Ask Ubuntu Asked by Feng Yu on December 8, 2021
I used Ubuntu 16.04. And I find some services will show cpu and memory usage via systemctl status <name>.service
:
$ systemctl status nginx
● nginx.service - LSB: Stop/start nginx
Loaded: loaded (/etc/init.d/nginx; bad; vendor preset: enabled)
Active: active (running) since 五 2017-04-07 09:21:25 CST; 4h 59min ago
Docs: man:systemd-sysv-generator(8)
Process: 2677 ExecStart=/etc/init.d/nginx start (code=exited, status=0/SUCCESS)
Tasks: 2
Memory: 2.5M
CPU: 12ms
CGroup: /system.slice/nginx.service
├─2695 nginx: master process /usr/sbin/nginx -c /etc/nginx/nginx.con
└─2697 nginx: worker process
But on another host, I find the systemctl status
will not show cpu and memory usage:
$ systemctl status nginx
● nginx.service - LSB: Stop/start nginx
Loaded: loaded (/etc/init.d/nginx; bad; vendor preset: enabled)
Active: active (running) since 四 2017-04-06 20:57:15 CST; 17h ago
Docs: man:systemd-sysv-generator(8)
CGroup: /system.slice/nginx.service
├─29668 nginx: master process /usr/sbin/nginx -c /etc/nginx/nginx.con
├─29669 nginx: worker process
├─29670 nginx: worker process
├─29671 nginx: worker process
└─29672 nginx: worker process
Why? Both of the nginx
were installed from nginx official repo apt install -y nginx
. Even though on the same host, some services will not show cpu and memory usage.

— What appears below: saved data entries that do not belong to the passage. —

text \<open>Joint measurability of the inner double integral in \<open>\<omega>\<close> is not available, which is why the
  completeness of \<open>M\<close> is needed: the integrand is almost surely a simple function of \<open>I\<close>.\<close>

lemma N_val_eq_path_values:
  assumes x: "AE \<omega> in M. \<forall>t\<in>{0..1}. \<xi> t \<omega> = x t"
    and r1: "AE \<omega> in M. I \<omega> = 1 \<longrightarrow> (\<forall>t\<in>{0..1}. \<rho> t \<omega> = r1 t)"
    and r2: "AE \<omega> in M. I \<omega> = 2 \<longrightarrow> (\<forall>t\<in>{0..1}. \<rho> t \<omega> = r2 t)"
  shows "N_val M I \<rho> \<xi> = (path_value r1 x 1 + path_value r2 x 2) / 2"
proof -
  define A where "A = {\<omega>\<in>space M. I \<omega> = 1}"
  define g where "g \<omega> = path_value r2 x 2 + (path_value r1 x 1 - path_value r2 x 2) * indicator A \<omega>"
    for \<omega>
  have A[measurable]: "A \<in> sets M"
    unfolding A_def by measurable
  have ae: "AE \<omega> in M. path_value (\<lambda>t. \<rho> t \<omega>) (\<lambda>t. \<xi> t \<omega>) (I \<omega>) = g \<omega>"
    using AE_type_1_or_2 AE_space x r1 r2
  proof eventually_elim
    case (elim \<omega>)
    then have "path_value (\<lambda>t. \<rho> t \<omega>) (\<lambda>t. \<xi> t \<omega>) (I \<omega>)
        = path_value (if I \<omega> = 1 then r1 else r2) x (I \<omega>)"
      by (intro path_value_cong) auto
    with elim(1,2) show ?case
      by (auto simp: g_def A_def)
  qed
  have g: "g \<in> borel_measurable M"
    unfolding g_def by measurable
  have "N_val M I \<rho> \<xi> = integral\<^sup>L M g"
    unfolding N_val_eq_integral_path_value
    using borel_measurable_AE_eq[OF g ae] g ae by (rule integral_cong_AE)
  also have "\<dots> = path_value r2 x 2 + (path_value r1 x 1 - path_value r2 x 2) * prob A"
  proof -
    have "emeasure M A < \<infinity>"
      by (simp add: less_top[symmetric])
    then have "integrable M (indicator A :: 'a \<Rightarrow> real)"
      by (rule integrable_real_indicator[OF A])
    then show ?thesis
      unfolding g_def using A
      by (subst Bochner_Integration.integral_add) (auto simp: prob_space sets.Int_space_eq2)
  qed
  also have "\<dots> = (path_value r1 x 1 + path_value r2 x 2) / 2"
    unfolding A_def prob_type1 by (simp add: field_simps)
  finally show ?thesis .
qed

lemma ex_informed_response_le:
  assumes \<xi>: "gen_proc M (filtr2 M) \<xi>" and "0 < e"
  shows "\<exists>\<rho>. gen_proc M (filtr1 M I) \<rho> \<and> N_val M I \<rho> \<xi> \<le> 1/2 + e"
proof -
  obtain x where x: "admissible_path x" and ax: "AE \<omega> in M. \<forall>t\<in>{0..1}. \<xi> t \<omega> = x t"
    using filtr2_gen_proc_AE_path[OF prob_space_axioms \<xi>] by blast
  obtain t where t: "t \<in> {0..1}"
    and sum: "path_value (step_path t) x 1 + path_value (step_path 1) x 2 \<le> 1 + 2 * e"
    using ex_informed_step_path_value_sum_le[OF x, of "2 * e"] \<open>0 < e\<close> by auto
  define \<rho> where "\<rho> t' \<omega> = step_path (if I \<omega> = 1 then t else 1) t'" for t' \<omega>
  have "gen_proc M (filtr1 M I) \<rho>"
    unfolding \<rho>_def
  proof (rule gen_proc_step_path)
    fix s
    have "{\<omega>\<in>space (filtr1 M I s). I \<omega> = 1} \<in> sets (filtr1 M I s)"
      using filtr1_type_event[OF I_measurable] by (simp add: space_filtr1[OF I_measurable])
    then have "(\<lambda>\<omega>. if I \<omega> = 1 then step_path t s else step_path 1 s) \<in> borel_measurable (filtr1 M I s)"
      by (intro measurable_If) simp_all
    moreover have "(\<lambda>\<omega>. step_path (if I \<omega> = 1 then t else 1) s)
        = (\<lambda>\<omega>. if I \<omega> = 1 then step_path t s else step_path 1 s)"
      by auto
    ultimately show "(\<lambda>\<omega>. step_path (if I \<omega> = 1 then t else 1) s) \<in> borel_measurable (filtr1 M I s)"
      by simp
  qed (use t in auto)
  moreover have "N_val M I \<rho> \<xi> = (path_value (step_path t) x 1 + path_value (step_path 1) x 2) / 2"
    by (rule N_val_eq_path_values[OF ax]) (auto simp: \<rho>_def)
  ultimately show ?thesis
    using sum by auto
qed

lemma ex_uninformed_response_ge:
  assumes \<rho>: "gen_proc M (filtr1 M I) \<rho>"
  shows "\<exists>\<xi>. gen_proc M (filtr2 M) \<xi> \<and> 23/40 \<le> N_val M I \<rho> \<xi>"
proof -
  have "prob {\<omega>\<in>space M. I \<omega> = 1} \<noteq> 0" "prob {\<omega>\<in>space M. I \<omega> = 2} \<noteq> 0"
    using prob_type1 prob_type2 by simp_all
  then obtain r1 r2
    where r1: "admissible_path r1" and a1: "AE \<omega> in M. I \<omega> = 1 \<longrightarrow> (\<forall>t\<in>{0..1}. \<rho> t \<omega> = r1 t)"
      and r2: "admissible_path r2" and a2: "AE \<omega> in M. I \<omega> = 2 \<longrightarrow> (\<forall>t\<in>{0..1}. \<rho> t \<omega> = r2 t)"
    using filtr1_gen_proc_AE_path_on_type[OF \<rho> I_measurable] by meson
  obtain c where c: "c \<in> {0..1}" "23/20 \<le> path_value r1 (step_path c) 1 + path_value r2 (step_path c) 2"
    using ex_uninformed_step_path_value_sum_ge[OF r1 r2] by blast
  have "gen_proc M (filtr2 M) (\<lambda>t \<omega>. step_path c t)"
    by (rule gen_proc_const_step_path[OF c(1)])
  moreover have "N_val M I \<rho> (\<lambda>t \<omega>. step_path c t)
      = (path_value r1 (step_path c) 1 + path_value r2 (step_path c) 2) / 2"
    by (rule N_val_eq_path_values[OF _ a1 a2]) simp
  ultimately show ?thesis
    using c(2) by auto
qed

lemma lower_value_le:
  "(SUP \<xi>\<in>{\<xi>. gen_proc M (filtr2 M) \<xi>}. INF \<rho>\<in>{\<rho>. gen_proc M (filtr1 M I) \<rho>}. N_val M I \<rho> \<xi>) \<le> 1/2"
proof (rule cSUP_least)
  show "{\<xi>. gen_proc M (filtr2 M) \<xi>} \<noteq> {}"
    using gen_proc_const_step_path[of 1 M "filtr2 M"] by auto
next
  fix \<xi> assume "\<xi> \<in> {\<xi>. gen_proc M (filtr2 M) \<xi>}"
  then have \<xi>: "gen_proc M (filtr2 M) \<xi>"
    by simp
  have "bdd_below ((\<lambda>\<rho>. N_val M I \<rho> \<xi>) ` {\<rho>. gen_proc M (filtr1 M I) \<rho>})"
    using N_val_bounds[OF \<xi>] by (intro bdd_belowI[where m=0]) auto
  then have inf_le: "(INF \<rho>\<in>{\<rho>. gen_proc M (filtr1 M I) \<rho>}. N_val M I \<rho> \<xi>) \<le> N_val M I \<rho> \<xi>"
    if "gen_proc M (filtr1 M I) \<rho>" for \<rho>
    using that by (intro cINF_lower) simp_all
  show "(INF \<rho>\<in>{\<rho>. gen_proc M (filtr1 M I) \<rho>}. N_val M I \<rho> \<xi>) \<le> 1/2"
  proof (rule field_le_epsilon)
    fix e :: real assume "0 < e"
    then obtain \<rho> where "gen_proc M (filtr1 M I) \<rho>" "N_val M I \<rho> \<xi> \<le> 1/2 + e"
      using ex_informed_response_le[OF \<xi>] by blast
    then show "(INF \<rho>\<in>{\<rho>. gen_proc M (filtr1 M I) \<rho>}. N_val M I \<rho> \<xi>) \<le> 1/2 + e"
      using inf_le by fastforce
  qed
qed

lemma upper_value_ge:
  "23/40 \<le> (INF \<rho>\<in>{\<rho>. gen_proc M (filtr1 M I) \<rho>}. SUP \<xi>\<in>{\<xi>. gen_proc M (filtr2 M) \<xi>}. N_val M I \<rho> \<xi>)"
proof (rule cINF_greatest)
  show "{\<rho>. gen_proc M (filtr1 M I) \<rho>} \<noteq> {}"
    using gen_proc_const_step_path[of 1 M "filtr1 M I"] by auto
next
  fix \<rho> assume "\<rho> \<in> {\<rho>. gen_proc M (filtr1 M I) \<rho>}"
  then obtain \<xi> where \<xi>: "gen_proc M (filtr2 M) \<xi>" and ge: "23/40 \<le> N_val M I \<rho> \<xi>"
    using ex_uninformed_response_ge by blast
  have "N_val M I \<rho> \<xi>' \<le> 2" if "gen_proc M (filtr2 M) \<xi>'" for \<xi>'
    using N_val_bounds[OF that] by simp
  then have "bdd_above ((\<lambda>\<xi>. N_val M I \<rho> \<xi>) ` {\<xi>. gen_proc M (filtr2 M) \<xi>})"
    by (intro bdd_aboveI[where M=2]) auto
  then have "N_val M I \<rho> \<xi> \<le> (SUP \<xi>\<in>{\<xi>. gen_proc M (filtr2 M) \<xi>}. N_val M I \<rho> \<xi>)"
    using \<xi> by (intro cSUP_upper) simp_all
  with ge show "23/40 \<le> (SUP \<xi>\<in>{\<xi>. gen_proc M (filtr2 M) \<xi>}. N_val M I \<rho> \<xi>)"
    by linarith
qed

end

theorem mainTheorem19:
  fixes M :: "'a measure" and I :: "'a \<Rightarrow> nat"
  assumes "prob_space M"
    and "complete_measure M"
    and "I \<in> measurable M (count_space UNIV)"
    and "measure M {\<omega>\<in>space M. I \<omega> = 1} = 1/2"
    and "measure M {\<omega>\<in>space M. I \<omega> = 2} = 1/2"
  shows "(SUP \<xi>\<in>{\<xi>. gen_proc M (filtr2 M) \<xi>}. INF \<rho>\<in>{\<rho>. gen_proc M (filtr1 M I) \<rho>}. N_val M I \<rho> \<xi>) \<le> 1/2
       \<and> 1/2 < (INF \<rho>\<in>{\<rho>. gen_proc M (filtr1 M I) \<rho>}. SUP \<xi>\<in>{\<xi>. gen_proc M (filtr2 M) \<xi>}. N_val M I \<rho> \<xi>)"
proof -
  interpret two_type_game M I
    by (intro two_type_game.intro two_type_game_axioms.intro assms)
  show ?thesis
    using lower_value_le upper_value_ge by linarith
qed

end
(* Let $b>0$ and let $\psi(x;a,\sigma)$ be as in the context, with $\psi^{(k)}$ its $k$-th derivative in $x$. For every $k\in\mathbb{N}\cup\{0\}$ and $x\in\mathbb{R}$, $$\frac{\partial}{\partial \sigma}\Big(\frac{\psi^{(k)}(x;a,\sigma)}{\psi^{(k+1)}(x;a,\sigma)}\Big)=\frac{(a-bx)\big[\psi^{(k+1)}(x;a,\sigma)^2-\psi^{(k)}(x;a,\sigma)\psi^{(k+2)}(x;a,\sigma)\big]+b\,\psi^{(k+1)}(x;a,\sigma)\psi^{(k)}(x;a,\sigma)}{b\sigma\,\psi^{(k+1)}(x;a,\sigma)^2}>0.$$
   Context: Constants $b>0$, $\rho>0$; parameters $a\in\mathbb{R}$, $\sigma>0$. For $\beta<0$, $D_\beta(x)=\frac{e^{-x^2/4}}{\Gamma(-\beta)}\int_0^\infty t^{-\beta-1}e^{-t^2/2-xt}dt$, and $\psi(x;a,\sigma)=e^{\frac{(bx-a)^2}{2\sigma^2 b}}D_{-\rho/b}\big(-\frac{bx-a}{\sigma b}\sqrt{2b}\big)$, the positive strictly increasing fundamental solution of $\frac12\sigma^2u''+(a-bx)u'-\rho u=0$. *)

theory Defs
  imports "HOL-Analysis.Analysis"
begin

text \<open>Parabolic cylinder function D_beta(x) for beta < 0, via its integral representation.\<close>
definition parabD :: "real \<Rightarrow> real \<Rightarrow> real" where
  "parabD \<beta> x = exp (- x\<^sup>2 / 4) / Gamma (- \<beta>) *
     (\<integral>t\<in>{0<..}. t powr (- \<beta> - 1) * exp (- t\<^sup>2 / 2 - x * t) \<partial>lborel)"

definition psi :: "real \<Rightarrow> real \<Rightarrow> real \<Rightarrow> real \<Rightarrow> real \<Rightarrow> real" where
  "psi b \<rho> a \<sigma> x = exp ((b * x - a)\<^sup>2 / (2 * \<sigma>\<^sup>2 * b)) *
     parabD (- \<rho> / b) (- (b * x - a) / (\<sigma> * b) * sqrt (2 * b))"

definition psid :: "nat \<Rightarrow> real \<Rightarrow> real \<Rightarrow> real \<Rightarrow> real \<Rightarrow> real \<Rightarrow> real" where
  "psid k b \<rho> a \<sigma> x = (deriv ^^ k) (psi b \<rho> a \<sigma>) x"

end

theory Submission
  imports Defs "HOL-Real_Asymp.Real_Asymp"
begin
(* Let $G=GL_n(\mathbb C)$, $\mathfrak g=\mathfrak{gl}_n(\mathbb C)$, $V=\mathbb C^n$, $F\subset\mathcal D_{\mathfrak g}^G$ of (H-C)-type, and let $\mathcal N_{F,\mathfrak g}$ be the quotient of $\mathcal D_{\mathfrak g\times V}$ by the left ideal generated by $F$ and the vector fields $\tau_{\mathfrak g\times V}(Z)$, $Z\in\mathfrak g$. Identifying $T^*(\mathfrak g\times V)$ with $\mathfrak g\times V\times\mathfrak g\times V$ via the form $(A,B)\mapsto\mathrm{trace}(AB)$ on $\mathfrak g$ and the pairing $(u,v)\mapsto\langle u,\bar v\rangle$ on $V$, the characteristic variety of $\mathcal N_{F,\mathfrak g}$ is contained in $$\{(X,u,Y,v): Y\in\mathfrak N,\ [X,Y]=u\wedge\bar v\},$$ where $\mathfrak N$ is the nilpotent cone of $\mathfrak g$ and $u\wedge\bar v$ is the $n\times n$ matrix with $(i,j)$ entry $u_i\bar v_j$.
   Context: $G$ acts on $\mathfrak g\times V$ by $g.(X,u)=(gXg^{-1},gu)$; $\tau_{\mathfrak g\times V}(Z)$ is the vector field whose value at $(X,u)$ is $([X,Z],Zu)$. $\mathcal D_{\mathfrak g}^G$: $G$-invariant differential operators on $\mathfrak g$; (H-C)-type: principal symbols contain a power of the ideal of $G$-invariant polynomials on $\mathfrak g^*$ vanishing at $0$. *)

theory Defs
  imports "HOL-Analysis.Analysis"
begin
(* Let $s\in(0,1)$ and $0<k<2s$. Then there is a constant $C>0$, independent of $x$, such that $$-(-\Delta)^s\langle x\rangle^k\le C\,\langle x\rangle^{k-2s}\Big(1+\frac{1}{2s}+\frac{1}{2s-k}\Big)\quad\text{for all }x\in\mathbb{R}^d.$$
   Context: $\langle x\rangle=(1+|x|^2)^{1/2}$. The fractional Laplacian is $-(-\Delta)^su(x)=C_{d,s}\,\mathrm{p.v.}\int_{\mathbb{R}^d}\frac{u(y)-u(x)}{|x-y|^{d+2s}}\,dy$ with $C_{d,s}=\frac{2^{2s}\Gamma(d/2+s)}{\pi^{d/2}|\Gamma(-s)|}$. *)

theory Defs
  imports "HOL-Analysis.Analysis"
begin

definition jbracket :: "'a::euclidean_space \<Rightarrow> real" where
  "jbracket x = sqrt (1 + (norm x)^2)"

definition frac_const :: "nat \<Rightarrow> real \<Rightarrow> real" where
  "frac_const d s = 2 powr (2 * s) * Gamma (real d / 2 + s) / (pi powr (real d / 2) * abs (Gamma (-s)))"

definition frac_trunc :: "real \<Rightarrow> ('a::euclidean_space \<Rightarrow> real) \<Rightarrow> 'a \<Rightarrow> real \<Rightarrow> real" where
  "frac_trunc s u x eps =
     (LINT y:{y. eps < dist x y}|lborel. (u y - u x) / dist x y powr (real DIM('a) + 2 * s))"

text \<open>The minus fractional Laplacian  - (-Delta)^s u (x) = C_{d,s} p.v. integral,
  the principal value being the limit of the truncated integrals as eps tends to 0+.\<close>
definition neg_frac_laplacian :: "real \<Rightarrow> ('a::euclidean_space \<Rightarrow> real) \<Rightarrow> 'a \<Rightarrow> real" where
  "neg_frac_laplacian s u x =
     frac_const DIM('a) s * Lim (at_right 0) (frac_trunc s u x)"

end

theory Submission
  imports Defs
begin
(* Let $(R,\mathfrak{m})$ be a Noetherian local ring, $M$ a finitely generated $R$-module and $L$ a submodule of $M$. Let $N$ be an integer with $N>\mathrm{AR}(\mathfrak{m},L\subseteq M)$. If $K$ is a submodule of $M$ such that $L\equiv K \bmod \mathfrak{m}^NM$ (i.e. $L+\mathfrak{m}^NM=K+\mathfrak{m}^NM$), then $L^*\subseteq K^*$.
   Context: The Artin–Rees number $\mathrm{AR}(\mathfrak{m},L\subseteq M)$ is the least integer $s$ such that $\mathfrak{m}^nM\cap L=\mathfrak{m}^{n-s}(\mathfrak{m}^sM\cap L)$ for all $n\ge s$. For a submodule $L\subseteq M$, the initial module $L^*$ is the graded $\mathrm{gr}_{\mathfrak{m}}(R)$-submodule of $\mathrm{gr}_{\mathfrak{m}}(M)=\bigoplus_{i\ge0}\mathfrak{m}^iM/\mathfrak{m}^{i+1}M$ given by the kernel of the natural map $\mathrm{gr}_{\mathfrak{m}}(M)\to\mathrm{gr}_{\mathfrak{m}}(M/L)$; equivalently $L^*=\bigoplus_{i\ge0}(L\cap\mathfrak{m}^iM+\mathfrak{m}^{i+1}M)/\mathfrak{m}^{i+1}M$. *)

theory Defs
  imports Complex_Main
begin

text \<open>Commutative algebra in the type-class idiom: the ring R is a type 'a :: comm_ring_1,
  the module M is a type 'b :: ab_group_add with a scalar multiplication scale
  satisfying the locale module (from Main, theory Modules).\<close>

definition is_ideal :: "'a::comm_ring_1 set \<Rightarrow> bool" where
  "is_ideal I \<longleftrightarrow> module.subspace ((*) :: 'a \<Rightarrow> 'a \<Rightarrow> 'a) I"

definition ideal_gen :: "'a::comm_ring_1 set \<Rightarrow> 'a set" where
  "ideal_gen S = module.span ((*) :: 'a \<Rightarrow> 'a \<Rightarrow> 'a) S"

definition noetherian_ring :: "'a::comm_ring_1 itself \<Rightarrow> bool" where
  "noetherian_ring _ \<longleftrightarrow> (\<forall>I::'a set. is_ideal I \<longrightarrow> (\<exists>F. finite F \<and> I = ideal_gen F))"

definition maximal_ideal :: "'a::comm_ring_1 set \<Rightarrow> bool" where
  "maximal_ideal m \<longleftrightarrow> is_ideal m \<and> m \<noteq> UNIV \<and>
     (\<forall>J. is_ideal J \<and> m \<subseteq> J \<longrightarrow> J = m \<or> J = UNIV)"

definition local_ring_with :: "'a::comm_ring_1 set \<Rightarrow> bool" where
  "local_ring_with m \<longleftrightarrow> maximal_ideal m \<and> (\<forall>J. maximal_ideal J \<longrightarrow> J = m)"

definition ideal_mult :: "'a::comm_ring_1 set \<Rightarrow> 'a set \<Rightarrow> 'a set" where
  "ideal_mult I J = ideal_gen {a * b | a b. a \<in> I \<and> b \<in> J}"

primrec ideal_pow :: "'a::comm_ring_1 set \<Rightarrow> nat \<Rightarrow> 'a set" where
  "ideal_pow I 0 = UNIV"
| "ideal_pow I (Suc n) = ideal_mult I (ideal_pow I n)"

definition ideal_smult ::
  "('a::comm_ring_1 \<Rightarrow> 'b::ab_group_add \<Rightarrow> 'b) \<Rightarrow> 'a set \<Rightarrow> 'b set \<Rightarrow> 'b set" where
  "ideal_smult scale I N = module.span scale {scale r x | r x. r \<in> I \<and> x \<in> N}"

definition pow_mod :: "('a::comm_ring_1 \<Rightarrow> 'b::ab_group_add \<Rightarrow> 'b) \<Rightarrow> 'a set \<Rightarrow> nat \<Rightarrow> 'b set" where
  "pow_mod scale m n = ideal_smult scale (ideal_pow m n) UNIV"

definition finitely_generated_module :: "('a::comm_ring_1 \<Rightarrow> 'b::ab_group_add \<Rightarrow> 'b) \<Rightarrow> bool" where
  "finitely_generated_module scale \<longleftrightarrow> (\<exists>F. finite F \<and> module.span scale F = UNIV)"

definition set_plus :: "'b::ab_group_add set \<Rightarrow> 'b set \<Rightarrow> 'b set" where
  "set_plus A B = {a + b | a b. a \<in> A \<and> b \<in> B}"

definition artin_rees_number ::
  "('a::comm_ring_1 \<Rightarrow> 'b::ab_group_add \<Rightarrow> 'b) \<Rightarrow> 'a set \<Rightarrow> 'b set \<Rightarrow> nat" where
  "artin_rees_number scale m L = (LEAST s. \<forall>n\<ge>s.
     pow_mod scale m n \<inter> L = ideal_smult scale (ideal_pow m (n - s)) (pow_mod scale m s \<inter> L))"

definition coset :: "'b::ab_group_add \<Rightarrow> 'b set \<Rightarrow> 'b set" where
  "coset x S = {x + y | y. y \<in> S}"

text \<open>Degree-i component of the initial module L^* inside gr_m(M):
  (L \<inter> m^i M + m^(i+1) M) / m^(i+1) M, represented as its set of cosets
  x + m^(i+1) M in m^i M / m^(i+1) M.  L^* is the graded submodule with these components.\<close>
definition initial_module_comp ::
  "('a::comm_ring_1 \<Rightarrow> 'b::ab_group_add \<Rightarrow> 'b) \<Rightarrow> 'a set \<Rightarrow> 'b set \<Rightarrow> nat \<Rightarrow> 'b set set" where
  "initial_module_comp scale m L i =
     (\<lambda>x. coset x (pow_mod scale m (Suc i))) ` (L \<inter> pow_mod scale m i)"

definition initial_module_le ::
  "('a::comm_ring_1 \<Rightarrow> 'b::ab_group_add \<Rightarrow> 'b) \<Rightarrow> 'a set \<Rightarrow> 'b set \<Rightarrow> 'b set \<Rightarrow> bool" where
  "initial_module_le scale m L K \<longleftrightarrow>
     (\<forall>i. initial_module_comp scale m L i \<subseteq> initial_module_comp scale m K i)"

end

(*
  The Artin--Rees number s exists: m is generated by finitely many a_i, the Rees module
  \<Oplus>_n m^n M is a finitely generated module over R[a_1 t, ..., a_k t], and a Hilbert basis
  theorem for modules over a Noetherian ring with finitely many commuting operators makes its
  submodule \<Oplus>_n (m^n M \<inter> L) finitely generated; a degree bound s for the generators gives
  m^n M \<inter> L = m^(n-s) (m^s M \<inter> L) for n >= s.

  In degree i, L* \<subseteq> K* says that every x in L \<inter> m^i M is congruent mod m^(i+1) M to some
  k in K \<inter> m^i M. Every element of L is k + z with k in K and z in m^N M. For i < N this
  decomposition of x itself works. For i >= N > s, x is a combination of products r l with
  r in m^(i-s) and l in m^s M \<inter> L; writing l = k + z gives r k in K \<inter> m^i M and
  r z in m^(i-s+N) M \<subseteq> m^(i+1) M.
*)
theory Submission
  imports Defs "HOL-Library.Function_Algebras"
begin

section \<open>Modules with operators\<close>

text \<open>Modules over \<open>R[Ps]\<close> for a set \<open>Ps\<close> of operators on \<open>M\<close>:
  \<open>op_span sc Ps G\<close> is the \<open>R[Ps]\<close>-submodule generated by \<open>G\<close>.\<close>

inductive_set op_span ::
  "('a::comm_ring_1 \<Rightarrow> 'v::ab_group_add \<Rightarrow> 'v) \<Rightarrow> ('v \<Rightarrow> 'v) set \<Rightarrow> 'v set \<Rightarrow> 'v set"
  for sc Ps G where
  base: "g \<in> G \<Longrightarrow> g \<in> op_span sc Ps G"
| zero: "0 \<in> op_span sc Ps G"
| add: "x \<in> op_span sc Ps G \<Longrightarrow> y \<in> op_span sc Ps G \<Longrightarrow> x + y \<in> op_span sc Ps G"
| scale: "x \<in> op_span sc Ps G \<Longrightarrow> sc c x \<in> op_span sc Ps G"
| op: "\<phi> \<in> Ps \<Longrightarrow> x \<in> op_span sc Ps G \<Longrightarrow> \<phi> x \<in> op_span sc Ps G"

definition op_closed :: "('a::comm_ring_1 \<Rightarrow> 'v::ab_group_add \<Rightarrow> 'v) \<Rightarrow> ('v \<Rightarrow> 'v) set \<Rightarrow> 'v set \<Rightarrow> bool"
  where "op_closed sc Ps U \<longleftrightarrow> module.subspace sc U \<and> (\<forall>\<phi>\<in>Ps. \<forall>x\<in>U. \<phi> x \<in> U)"

definition op_noetherian ::
  "('a::comm_ring_1 \<Rightarrow> 'v::ab_group_add \<Rightarrow> 'v) \<Rightarrow> ('v \<Rightarrow> 'v) set \<Rightarrow> 'v set \<Rightarrow> bool"
  where "op_noetherian sc Ps V \<longleftrightarrow>
    (\<forall>U. op_closed sc Ps U \<and> U \<subseteq> V \<longrightarrow> (\<exists>G. finite G \<and> U = op_span sc Ps G))"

And how to show the cpu and memory usage in systemctl status?
Sometimes it might help adding these 2 options in your .service file under [Service] block
CPUAccounting = yes
MemoryAccounting = yes
Answered by khamlichi.khalil on December 8, 2021
Its actually less complicated
than you think. To see something non-static like CPU or memory usage, you have to use the command:
watch systemctl status <name>.service
Answered by Emandudeguy on December 8, 2021
I have no idea why some hosts could but some couldn't, if you want a consistent behavior, you should enable memory accounting for a single unit or by default for all units by setting:
DefaultMemoryAccounting=yes
in /etc/systemd/system.conf
and then doing:
systemctl daemon-reexec
Check out this list thread from the systemd developers, and systemd-system.conf[5].